Mentre la maggioranza in parlamento prova a serrare i ranghi, e ad allargarsi marcando un profilo politico più stringente, i primi effetti di questi mutamenti sembrano precipitare nelle vicende amministrative della capitale.

Virginia Raggi prova a cogliere il momento per rilanciare la sua (auto)candidatura e porsi al crocevia del percorso di riforma istituzionale sull’amministrazione della capitale. Così, mentre Giuseppe Conte riuniva il vertice di maggioranza, al Campidoglio si teneva la conferenza dei capigruppo sui poteri e i fondi per Roma. In questa sede, la sindaca annuncia la creazione di un tavolo che riunirebbe ogni due settimane parlamentari e capigruppo dell’Assemblea capitolina per discutere del riconoscimento di poteri speciali alla città metropolitana.

Secondo quanto trapela dal Campidoglio, il lavoro della «commissione tricamerale» proposta da Raggi si intreccerebbe a quello della commissione affari costituzionali (che alla camera è presieduta dal 5 Stelle Giuseppe Brescia) che a sua volta allargherebbe il confronto anche alle parti sociali tramite un programma di audizioni parlamentari. Poi c’è l’altro tema enorme al centro di questa partita, a cavallo tra la riforma dei poteri e la gestione del Recovery fund: quello delle risorse economiche per la capitale, i cui debiti sono ancora commissariati dal ministero delle finanze.

La mossa riguarda l’annosa (e trasversale) questione della governance di Roma. Avrebbe l’effetto di fornire una missione da compiere a Raggi in vista del secondo mandato e al tempo stesso conferirebbe al suo obiettivo un profilo istituzionale che potrebbe persino convincere il Partito democratico a entrare nella partita e mettere la parte le differenze in nome di un traguardo più vasto.
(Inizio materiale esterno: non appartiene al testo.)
text \<open>Read-only two-way input tape (with end markers), read-only two-way
  advice tape (with end markers), one read/write work tape (one-way infinite),
  write-once output tape.\<close>

datatype sym = Blk | LM | RM | Sym nat

datatype dir = Lft | Stay | Rgt

record tm =
  states :: "nat set"
  alph :: "nat set"
  start :: nat
  halt :: nat
  delta :: "nat \<Rightarrow> sym \<Rightarrow> sym \<Rightarrow> sym \<Rightarrow> nat \<times> dir \<times> dir \<times> sym \<times> dir \<times> nat option"

definition tm_syms :: "tm \<Rightarrow> sym set" where
  "tm_syms M = {Blk, LM, RM} \<union> Sym ` alph M"

definition wf_tm :: "tm \<Rightarrow> bool" where
  "wf_tm M \<longleftrightarrow> finite (states M) \<and> finite (alph M) \<and>
     start M \<in> states M \<and> halt M \<in> states M \<and>
     (\<forall>q\<in>states M. \<forall>a\<in>tm_syms M. \<forall>b\<in>tm_syms M. \<forall>c\<in>tm_syms M.
        (case delta M q a b c of (q', di, da, w, dw, oo) \<Rightarrow>
           q' \<in> states M \<and> w \<in> insert Blk (Sym ` alph M) \<and> set_option oo \<subseteq> alph M))"

record conf =
  st :: nat
  ipos :: nat
  apos :: nat
  wtape :: "nat \<Rightarrow> sym"
  wpos :: nat
  outp :: "nat list"

definition rd :: "nat list \<Rightarrow> nat \<Rightarrow> sym" where
  "rd x i = (if i = 0 then LM else if i \<le> length x then Sym (x ! (i - 1)) else RM)"

fun mv :: "dir \<Rightarrow> nat \<Rightarrow> nat" where
  "mv Lft i = i - 1"
| "mv Stay i = i"
| "mv Rgt i = Suc i"

definition init_conf :: "tm \<Rightarrow> conf" where
  "init_conf M = \<lparr>st = start M, ipos = 0, apos = 0, wtape = (\<lambda>_. Blk), wpos = 0, outp = []\<rparr>"

definition step :: "tm \<Rightarrow> nat list \<Rightarrow> nat list \<Rightarrow> conf \<Rightarrow> conf" where
  "step M x a c =
     (if st c = halt M then c else
      (case delta M (st c) (rd x (ipos c)) (rd a (apos c)) (wtape c (wpos c)) of
         (q', di, da, w, dw, oo) \<Rightarrow>
           \<lparr>st = q',
            ipos = min (mv di (ipos c)) (length x + 1),
            apos = min (mv da (apos c)) (length a + 1),
            wtape = (wtape c)(wpos c := w),
            wpos = mv dw (wpos c),
            outp = outp c @ (case oo of None \<Rightarrow> [] | Some s \<Rightarrow> [s])\<rparr>))"

definition run :: "tm \<Rightarrow> nat list \<Rightarrow> nat list \<Rightarrow> nat \<Rightarrow> conf" where
  "run M x a t = (step M x a ^^ t) (init_conf M)"

definition computes_within ::
  "tm \<Rightarrow> nat list \<Rightarrow> nat list \<Rightarrow> nat list \<Rightarrow> nat \<Rightarrow> real \<Rightarrow> bool" where
  "computes_within M x a y T S \<longleftrightarrow>
     (\<exists>t\<le>T. st (run M x a t) = halt M \<and> outp (run M x a t) = y \<and>
        (\<forall>s\<le>t. real (wpos (run M x a s) + 1) \<le> S))"

definition FL_poly :: "nat set \<Rightarrow> (nat list \<Rightarrow> nat list) \<Rightarrow> bool" where
  "FL_poly \<Sigma> f \<longleftrightarrow>
     (\<exists>M h k c. wf_tm M \<and> \<Sigma> \<subseteq> alph M \<and>
        (\<forall>n. set (h n) \<subseteq> alph M \<and> length (h n) \<le> poly_bd k n) \<and>
        (\<forall>x\<in>lists \<Sigma>. computes_within M x (h (length x)) (f x)
            (poly_bd k (length x)) (c * log 2 (real (length x) + 2))))"

definition logspace_computable :: "nat set \<Rightarrow> (nat list \<Rightarrow> nat) \<Rightarrow> bool" where
  "logspace_computable \<Sigma> m \<longleftrightarrow>
     (\<exists>M k c. wf_tm M \<and> \<Sigma> \<subseteq> alph M \<and>
        (\<forall>x\<in>lists \<Sigma>. computes_within M x [] (replicate (m x) 1)
            (poly_bd k (length x)) (c * log 2 (real (length x) + 2))))"

definition para_FL_poly :: "nat set \<Rightarrow> (nat list \<Rightarrow> nat list) \<Rightarrow> (nat list \<Rightarrow> nat) \<Rightarrow> bool" where
  "para_FL_poly \<Sigma> f m \<longleftrightarrow> logspace_computable \<Sigma> m \<and>
     (\<exists>M h k c. wf_tm M \<and> \<Sigma> \<subseteq> alph M \<and>
        (\<forall>n. set (h n) \<subseteq> alph M) \<and>
        (\<forall>x\<in>lists \<Sigma>. length (h (length x)) \<le> poly_bd k (m x * length x) \<and>
            computes_within M x (h (length x)) (f x)
              (poly_bd k (m x * length x)) (c * log 2 (real (m x * length x) + 2))))"

text \<open>A context-free grammar: finite set of productions A -> alpha, where
  nonterminals are Inl n and terminals Inr a; plus a start nonterminal.\<close>
record cfg =
  prods :: "(nat \<times> (nat + nat) list) set"
  gstart :: nat

inductive derives1 :: "cfg \<Rightarrow> (nat + nat) list \<Rightarrow> (nat + nat) list \<Rightarrow> bool" for G where
  "(A, \<alpha>) \<in> prods G \<Longrightarrow> derives1 G (u @ [Inl A] @ v) (u @ \<alpha> @ v)"

definition cfg_lang :: "cfg \<Rightarrow> nat list set" where
  "cfg_lang G = {w. (derives1 G)\<^sup>*\<^sup>* [Inl (gstart G)] (map Inr w)}"

definition is_cfl :: "nat list set \<Rightarrow> bool" where
  "is_cfl B \<longleftrightarrow> (\<exists>G. finite (prods G) \<and> B = cfg_lang G)"

record dpda =
  pstates :: "nat set"
  pinp :: "nat set"
  pstk :: "nat set"
  pstart :: nat
  pbottom :: nat
  pfinal :: "nat set"
  ptrans :: "nat \<Rightarrow> nat option \<Rightarrow> nat \<Rightarrow> (nat \<times> nat list) option"

definition wf_dpda :: "dpda \<Rightarrow> bool" where
  "wf_dpda P \<longleftrightarrow> finite (pstates P) \<and> finite (pinp P) \<and> finite (pstk P) \<and>
     pstart P \<in> pstates P \<and> pbottom P \<in> pstk P \<and> pfinal P \<subseteq> pstates P \<and>
     (\<forall>q a Z p \<beta>. ptrans P q a Z = Some (p, \<beta>) \<longrightarrow>
        q \<in> pstates P \<and> set_option a \<subseteq> pinp P \<and> Z \<in> pstk P \<and>
        p \<in> pstates P \<and> set \<beta> \<subseteq> pstk P) \<and>
     (\<forall>q Z. ptrans P q None Z \<noteq> None \<longrightarrow> (\<forall>a. ptrans P q (Some a) Z = None))"

inductive dstep :: "dpda \<Rightarrow> nat \<times> nat list \<times> nat list \<Rightarrow> nat \<times> nat list \<times> nat list \<Rightarrow> bool"
  for P where
  read: "ptrans P q (Some a) Z = Some (p, \<beta>) \<Longrightarrow> dstep P (q, a # w, Z # \<gamma>) (p, w, \<beta> @ \<gamma>)"
| eps: "ptrans P q None Z = Some (p, \<beta>) \<Longrightarrow> dstep P (q, w, Z # \<gamma>) (p, w, \<beta> @ \<gamma>)"

definition dpda_lang :: "dpda \<Rightarrow> nat list set" where
  "dpda_lang P = {w \<in> lists (pinp P). \<exists>q \<gamma>. q \<in> pfinal P \<and>
      (dstep P)\<^sup>*\<^sup>* (pstart P, w, [pbottom P]) (q, [], \<gamma>)}"

definition is_dcfl :: "nat list set \<Rightarrow> bool" where
  "is_dcfl B \<longleftrightarrow> (\<exists>P. wf_dpda P \<and> B = dpda_lang P)"

definition LOGCFL_poly :: "(nat set \<times> nat list set) set" where
  "LOGCFL_poly = {(\<Sigma>, L). finite \<Sigma> \<and> L \<subseteq> lists \<Sigma> \<and>
      (\<exists>f B. FL_poly \<Sigma> f \<and> is_cfl B \<and> (\<forall>x\<in>lists \<Sigma>. x \<in> L \<longleftrightarrow> f x \<in> B))}"

definition LOGDCFL_poly :: "(nat set \<times> nat list set) set" where
  "LOGDCFL_poly = {(\<Sigma>, L). finite \<Sigma> \<and> L \<subseteq> lists \<Sigma> \<and>
      (\<exists>f B. FL_poly \<Sigma> f \<and> is_dcfl B \<and> (\<forall>x\<in>lists \<Sigma>. x \<in> L \<longleftrightarrow> f x \<in> B))}"

text \<open>A parameterized decision problem is (Sigma, L, m) with m the size parameter.\<close>
definition para_LOGCFL_poly :: "(nat set \<times> nat list set \<times> (nat list \<Rightarrow> nat)) set" where
  "para_LOGCFL_poly = {(\<Sigma>, L, m). finite \<Sigma> \<and> L \<subseteq> lists \<Sigma> \<and>
      (\<exists>f B. para_FL_poly \<Sigma> f m \<and> is_cfl B \<and> L = {x \<in> lists \<Sigma>. f x \<in> B})}"

definition para_LOGDCFL_poly :: "(nat set \<times> nat list set \<times> (nat list \<Rightarrow> nat)) set" where
  "para_LOGDCFL_poly = {(\<Sigma>, L, m). finite \<Sigma> \<and> L \<subseteq> lists \<Sigma> \<and>
      (\<exists>f B. para_FL_poly \<Sigma> f m \<and> is_dcfl B \<and> L = {x \<in> lists \<Sigma>. f x \<in> B})}"

definition PHSP :: "(nat set \<times> nat list set \<times> (nat list \<Rightarrow> nat)) set" where
  "PHSP = {(\<Sigma>, L, m). \<exists>k. \<forall>x\<in>lists \<Sigma>. length x \<le> poly_bd k (m x)}"

end

theory Submission
  imports Defs
begin

text \<open>A logspace-computable size parameter is bounded polynomially in the input length, since
  a machine writes at most one output symbol per step; a polynomially honest one bounds the input
  length polynomially in itself. On PHSP the resource bounds poly(m(x)|x|), log(m(x)|x|) and
  poly(|x|), log |x| therefore bound each other, so para-FL/poly and FL/poly reductions coincide
  there. Conversely, taking the size parameter m(x) = |x|, which is logspace computable and
  polynomially honest, embeds LOGCFL/poly into para-LOGCFL/poly \<inter> PHSP.\<close>

lemma poly_bd_mono:
  assumes "k \<le> K" and "n \<le> n'"
  shows "poly_bd k n \<le> poly_bd K n'"
proof (cases "n' = 0")
  case True
  then have "n = 0" using assms(2) by simp
  have "(0::nat) ^ k \<le> 0 ^ K + (K - k)"
    using assms(1) by (cases "k = K") (auto simp: power_0_left)
  then show ?thesis using True \<open>n = 0\<close> assms(1) by (simp add: poly_bd_def)
next
  case False
  have "n ^ k \<le> n' ^ k" using assms(2) by (rule power_mono) simp
  also have "\<dots> \<le> n' ^ K" using False assms(1) by (intro power_increasing) auto
  finally show ?thesis using assms(1) by (simp add: poly_bd_def)
qed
Lo dice in qualche modo anche una figura non vicina alla sindaca come Marcello De Vito, presidente del consiglio comunale sospeso dal M5S mentre è in attesa di processo per corruzione, che descrive la traiettoria di un percorso che pare agganciarsi alla prossima consiliatura: «Non si tratta di un lavoro di pochi mesi ma siamo orgogliosi di averlo avviato, d’intesa con tutte le forze politiche – dice De Vito – È un impegno che resta, anche in campagna elettorale, per tutti i capigruppo, affinché la prossima consiliatura possa avere le basi per una città a cui sia riconosciuto lo status di Capitale».

Che si tratta di un tema scottante pare dimostrato anche dal fatto che Luigi Di Maio, che pure non ha ruoli formali di vertice nel M5S e da ministro degli esteri non avrebbe competenza sulla questione, brucia tutti sul tempo e fa da sponda a Raggi. «Condivido pienamente la proposta di Virginia di aprire un tavolo interistituzionale per discutere della riforma dei poteri per Roma Capitale. Credo che il governo debba dare un segnale di apertura in questo senso». Scende in campo anche Alessandro Di Battista, da tempo al fianco della sindaca: «Virginia Raggi chiede una cosa sacrosanta e lo fa seguendo la via del dialogo, della collaborazione, della democrazia. Oggi Roma è sul binario giusto. Manca l’ultimo miglio, mi auguro che in Parlamento tutte le forze politiche raccolgano questa proposta».

Si esprime pure Stefano Fassina: nella veste di consigliere comunale di Sinistra per Roma auspica che la prossima amministrazione romana porti il segno di una «consiliatura costituente».